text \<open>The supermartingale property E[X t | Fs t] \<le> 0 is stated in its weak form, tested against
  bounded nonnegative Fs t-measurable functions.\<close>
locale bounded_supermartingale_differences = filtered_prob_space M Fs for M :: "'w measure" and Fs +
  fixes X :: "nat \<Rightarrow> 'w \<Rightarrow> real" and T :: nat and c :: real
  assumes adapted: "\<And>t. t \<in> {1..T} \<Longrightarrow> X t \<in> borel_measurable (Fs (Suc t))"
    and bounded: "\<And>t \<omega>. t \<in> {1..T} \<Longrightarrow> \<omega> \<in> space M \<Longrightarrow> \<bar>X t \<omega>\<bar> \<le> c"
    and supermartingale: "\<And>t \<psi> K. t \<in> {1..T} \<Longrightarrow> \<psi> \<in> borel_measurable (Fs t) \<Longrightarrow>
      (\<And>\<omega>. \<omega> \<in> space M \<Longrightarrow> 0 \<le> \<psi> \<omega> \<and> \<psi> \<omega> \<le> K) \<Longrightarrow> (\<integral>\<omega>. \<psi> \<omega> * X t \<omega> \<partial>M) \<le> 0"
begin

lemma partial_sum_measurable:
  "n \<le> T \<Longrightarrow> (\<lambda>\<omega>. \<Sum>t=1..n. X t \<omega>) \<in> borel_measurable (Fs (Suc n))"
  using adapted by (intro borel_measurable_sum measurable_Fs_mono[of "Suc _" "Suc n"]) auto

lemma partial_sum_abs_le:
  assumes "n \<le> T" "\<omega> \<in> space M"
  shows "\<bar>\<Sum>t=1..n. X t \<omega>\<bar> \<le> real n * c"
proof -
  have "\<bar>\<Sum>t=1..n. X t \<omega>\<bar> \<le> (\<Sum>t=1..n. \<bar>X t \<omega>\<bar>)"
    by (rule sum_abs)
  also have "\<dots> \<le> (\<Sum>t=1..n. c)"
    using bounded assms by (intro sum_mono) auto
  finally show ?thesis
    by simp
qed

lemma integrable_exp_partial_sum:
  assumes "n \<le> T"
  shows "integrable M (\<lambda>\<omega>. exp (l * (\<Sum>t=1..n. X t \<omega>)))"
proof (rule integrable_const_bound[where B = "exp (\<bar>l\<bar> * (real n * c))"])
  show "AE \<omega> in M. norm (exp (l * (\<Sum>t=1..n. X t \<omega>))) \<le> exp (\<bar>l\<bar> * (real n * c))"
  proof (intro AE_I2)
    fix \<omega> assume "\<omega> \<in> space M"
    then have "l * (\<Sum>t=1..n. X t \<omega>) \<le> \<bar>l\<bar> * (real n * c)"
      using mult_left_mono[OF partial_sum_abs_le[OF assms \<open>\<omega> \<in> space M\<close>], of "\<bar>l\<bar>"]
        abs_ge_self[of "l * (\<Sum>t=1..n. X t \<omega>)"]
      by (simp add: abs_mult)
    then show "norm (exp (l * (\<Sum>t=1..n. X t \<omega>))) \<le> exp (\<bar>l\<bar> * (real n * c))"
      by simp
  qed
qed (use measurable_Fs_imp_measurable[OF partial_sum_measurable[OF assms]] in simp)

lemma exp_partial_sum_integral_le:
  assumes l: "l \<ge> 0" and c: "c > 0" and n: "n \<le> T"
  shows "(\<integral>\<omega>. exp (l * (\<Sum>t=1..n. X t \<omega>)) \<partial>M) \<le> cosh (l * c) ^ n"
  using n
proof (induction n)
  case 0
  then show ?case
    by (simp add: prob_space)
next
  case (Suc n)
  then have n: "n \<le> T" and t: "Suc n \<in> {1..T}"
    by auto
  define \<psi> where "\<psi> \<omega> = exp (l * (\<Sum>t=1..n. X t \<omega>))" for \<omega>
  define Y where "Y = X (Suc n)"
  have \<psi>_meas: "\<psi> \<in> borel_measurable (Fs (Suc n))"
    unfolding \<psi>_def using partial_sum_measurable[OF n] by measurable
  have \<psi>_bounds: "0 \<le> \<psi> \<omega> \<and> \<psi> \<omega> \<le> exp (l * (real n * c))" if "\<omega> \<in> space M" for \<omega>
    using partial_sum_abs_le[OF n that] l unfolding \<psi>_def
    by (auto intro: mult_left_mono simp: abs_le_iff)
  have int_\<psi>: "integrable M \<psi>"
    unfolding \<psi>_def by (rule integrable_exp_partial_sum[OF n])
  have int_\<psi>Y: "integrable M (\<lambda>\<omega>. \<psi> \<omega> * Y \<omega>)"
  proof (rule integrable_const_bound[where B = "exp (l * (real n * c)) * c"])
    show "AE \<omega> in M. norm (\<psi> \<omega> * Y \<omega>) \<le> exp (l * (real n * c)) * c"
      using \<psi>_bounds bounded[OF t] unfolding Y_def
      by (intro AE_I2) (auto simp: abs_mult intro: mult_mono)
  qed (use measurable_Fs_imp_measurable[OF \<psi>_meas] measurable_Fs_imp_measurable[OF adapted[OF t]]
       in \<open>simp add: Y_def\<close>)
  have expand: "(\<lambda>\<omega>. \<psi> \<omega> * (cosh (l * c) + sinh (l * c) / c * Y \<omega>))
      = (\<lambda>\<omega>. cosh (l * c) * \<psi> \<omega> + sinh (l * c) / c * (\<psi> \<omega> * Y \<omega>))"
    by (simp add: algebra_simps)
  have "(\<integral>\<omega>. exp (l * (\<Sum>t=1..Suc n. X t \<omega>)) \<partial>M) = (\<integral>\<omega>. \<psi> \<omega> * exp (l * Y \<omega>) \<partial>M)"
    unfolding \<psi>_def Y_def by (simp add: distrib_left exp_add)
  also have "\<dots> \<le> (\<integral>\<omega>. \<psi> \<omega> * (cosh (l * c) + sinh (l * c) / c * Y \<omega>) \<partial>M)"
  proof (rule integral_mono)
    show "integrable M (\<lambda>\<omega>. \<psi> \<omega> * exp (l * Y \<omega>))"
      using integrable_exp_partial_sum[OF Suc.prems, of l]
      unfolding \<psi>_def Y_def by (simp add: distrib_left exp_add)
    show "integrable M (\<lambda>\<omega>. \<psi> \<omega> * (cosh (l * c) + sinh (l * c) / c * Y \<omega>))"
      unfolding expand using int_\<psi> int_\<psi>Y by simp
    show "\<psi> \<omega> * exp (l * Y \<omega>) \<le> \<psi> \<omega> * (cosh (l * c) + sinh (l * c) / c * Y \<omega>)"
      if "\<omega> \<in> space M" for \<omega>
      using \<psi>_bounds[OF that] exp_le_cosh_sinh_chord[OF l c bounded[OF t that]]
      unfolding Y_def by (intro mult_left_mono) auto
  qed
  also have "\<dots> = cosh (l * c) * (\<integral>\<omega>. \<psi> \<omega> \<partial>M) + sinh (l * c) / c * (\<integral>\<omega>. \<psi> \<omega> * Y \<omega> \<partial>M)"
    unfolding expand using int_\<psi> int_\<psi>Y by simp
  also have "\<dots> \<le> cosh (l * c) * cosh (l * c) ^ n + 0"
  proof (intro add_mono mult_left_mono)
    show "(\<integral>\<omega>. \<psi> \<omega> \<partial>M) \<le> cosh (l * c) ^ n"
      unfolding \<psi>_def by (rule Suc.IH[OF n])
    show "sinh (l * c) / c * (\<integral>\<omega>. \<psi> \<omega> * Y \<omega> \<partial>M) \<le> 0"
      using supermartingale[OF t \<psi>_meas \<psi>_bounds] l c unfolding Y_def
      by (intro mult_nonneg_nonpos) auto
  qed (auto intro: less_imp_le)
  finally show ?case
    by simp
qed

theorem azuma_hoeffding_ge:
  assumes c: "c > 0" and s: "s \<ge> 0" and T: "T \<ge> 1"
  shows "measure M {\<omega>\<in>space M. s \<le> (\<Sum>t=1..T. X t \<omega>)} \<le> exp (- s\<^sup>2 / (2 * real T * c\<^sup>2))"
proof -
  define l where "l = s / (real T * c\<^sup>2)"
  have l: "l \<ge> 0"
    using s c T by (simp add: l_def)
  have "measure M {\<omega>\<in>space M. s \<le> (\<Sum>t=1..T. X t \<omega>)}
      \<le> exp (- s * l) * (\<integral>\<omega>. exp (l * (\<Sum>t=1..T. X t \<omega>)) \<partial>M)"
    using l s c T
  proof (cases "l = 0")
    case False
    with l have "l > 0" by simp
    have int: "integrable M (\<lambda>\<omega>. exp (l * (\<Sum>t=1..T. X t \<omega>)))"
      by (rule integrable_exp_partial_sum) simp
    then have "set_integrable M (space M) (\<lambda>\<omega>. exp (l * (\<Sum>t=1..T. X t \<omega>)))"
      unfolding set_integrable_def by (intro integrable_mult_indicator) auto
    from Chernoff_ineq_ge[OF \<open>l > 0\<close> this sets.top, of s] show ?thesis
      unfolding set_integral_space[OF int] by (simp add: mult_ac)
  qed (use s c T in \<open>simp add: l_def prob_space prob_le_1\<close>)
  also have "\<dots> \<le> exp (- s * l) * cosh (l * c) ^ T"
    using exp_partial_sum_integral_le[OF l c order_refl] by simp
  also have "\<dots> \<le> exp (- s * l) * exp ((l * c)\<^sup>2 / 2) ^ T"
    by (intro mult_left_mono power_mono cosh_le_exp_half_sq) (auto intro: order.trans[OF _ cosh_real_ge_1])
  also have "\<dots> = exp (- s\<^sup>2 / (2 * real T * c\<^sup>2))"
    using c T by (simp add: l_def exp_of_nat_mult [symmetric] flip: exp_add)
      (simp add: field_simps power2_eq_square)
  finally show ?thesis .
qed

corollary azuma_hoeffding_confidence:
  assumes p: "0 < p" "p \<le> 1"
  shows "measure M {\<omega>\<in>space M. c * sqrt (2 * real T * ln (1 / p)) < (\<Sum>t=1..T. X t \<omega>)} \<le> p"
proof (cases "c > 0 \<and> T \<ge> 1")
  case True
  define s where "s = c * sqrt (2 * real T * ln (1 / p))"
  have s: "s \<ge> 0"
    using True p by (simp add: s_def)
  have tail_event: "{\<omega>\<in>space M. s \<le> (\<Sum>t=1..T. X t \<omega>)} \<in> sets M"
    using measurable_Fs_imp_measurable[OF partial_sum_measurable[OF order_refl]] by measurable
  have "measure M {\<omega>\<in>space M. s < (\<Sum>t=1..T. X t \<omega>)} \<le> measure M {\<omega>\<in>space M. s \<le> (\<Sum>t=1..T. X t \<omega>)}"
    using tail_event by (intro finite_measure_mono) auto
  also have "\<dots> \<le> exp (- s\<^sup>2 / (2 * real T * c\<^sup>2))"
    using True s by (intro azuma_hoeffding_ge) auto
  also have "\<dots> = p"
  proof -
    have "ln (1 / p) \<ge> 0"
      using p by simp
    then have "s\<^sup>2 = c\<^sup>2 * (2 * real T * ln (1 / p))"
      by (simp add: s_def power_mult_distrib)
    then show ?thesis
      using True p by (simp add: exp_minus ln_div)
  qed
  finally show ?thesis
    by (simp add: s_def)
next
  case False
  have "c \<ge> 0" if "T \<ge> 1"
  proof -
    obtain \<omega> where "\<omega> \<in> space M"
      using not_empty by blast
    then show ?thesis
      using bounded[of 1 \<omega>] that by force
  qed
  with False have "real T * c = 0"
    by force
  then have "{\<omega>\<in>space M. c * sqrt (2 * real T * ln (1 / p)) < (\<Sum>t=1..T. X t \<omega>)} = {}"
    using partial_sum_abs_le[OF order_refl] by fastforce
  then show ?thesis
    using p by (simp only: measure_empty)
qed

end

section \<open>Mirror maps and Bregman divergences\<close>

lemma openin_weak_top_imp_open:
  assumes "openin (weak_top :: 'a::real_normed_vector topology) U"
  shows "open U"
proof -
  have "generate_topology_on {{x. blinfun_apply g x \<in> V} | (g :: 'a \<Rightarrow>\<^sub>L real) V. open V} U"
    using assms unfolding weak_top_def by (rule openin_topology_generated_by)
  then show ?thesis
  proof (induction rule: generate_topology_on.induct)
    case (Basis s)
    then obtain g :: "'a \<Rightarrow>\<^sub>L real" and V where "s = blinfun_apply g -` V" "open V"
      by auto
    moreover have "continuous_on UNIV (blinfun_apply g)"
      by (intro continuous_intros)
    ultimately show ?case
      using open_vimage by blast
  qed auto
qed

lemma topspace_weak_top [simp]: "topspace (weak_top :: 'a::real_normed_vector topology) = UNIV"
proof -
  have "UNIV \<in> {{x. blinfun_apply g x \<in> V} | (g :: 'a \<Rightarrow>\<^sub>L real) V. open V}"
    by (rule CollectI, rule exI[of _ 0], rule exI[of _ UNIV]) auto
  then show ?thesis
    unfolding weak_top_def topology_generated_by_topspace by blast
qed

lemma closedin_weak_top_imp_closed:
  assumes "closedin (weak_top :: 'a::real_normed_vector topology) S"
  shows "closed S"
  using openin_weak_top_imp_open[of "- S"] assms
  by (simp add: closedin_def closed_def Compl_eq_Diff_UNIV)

[THE PROBLEM] Select all lines in the listing above where the word "cases" appears, and show them.

[SOLVED PROBLEM]
  proof (cases "l = 0")
proof (cases "c > 0 \<and> T \<ge> 1")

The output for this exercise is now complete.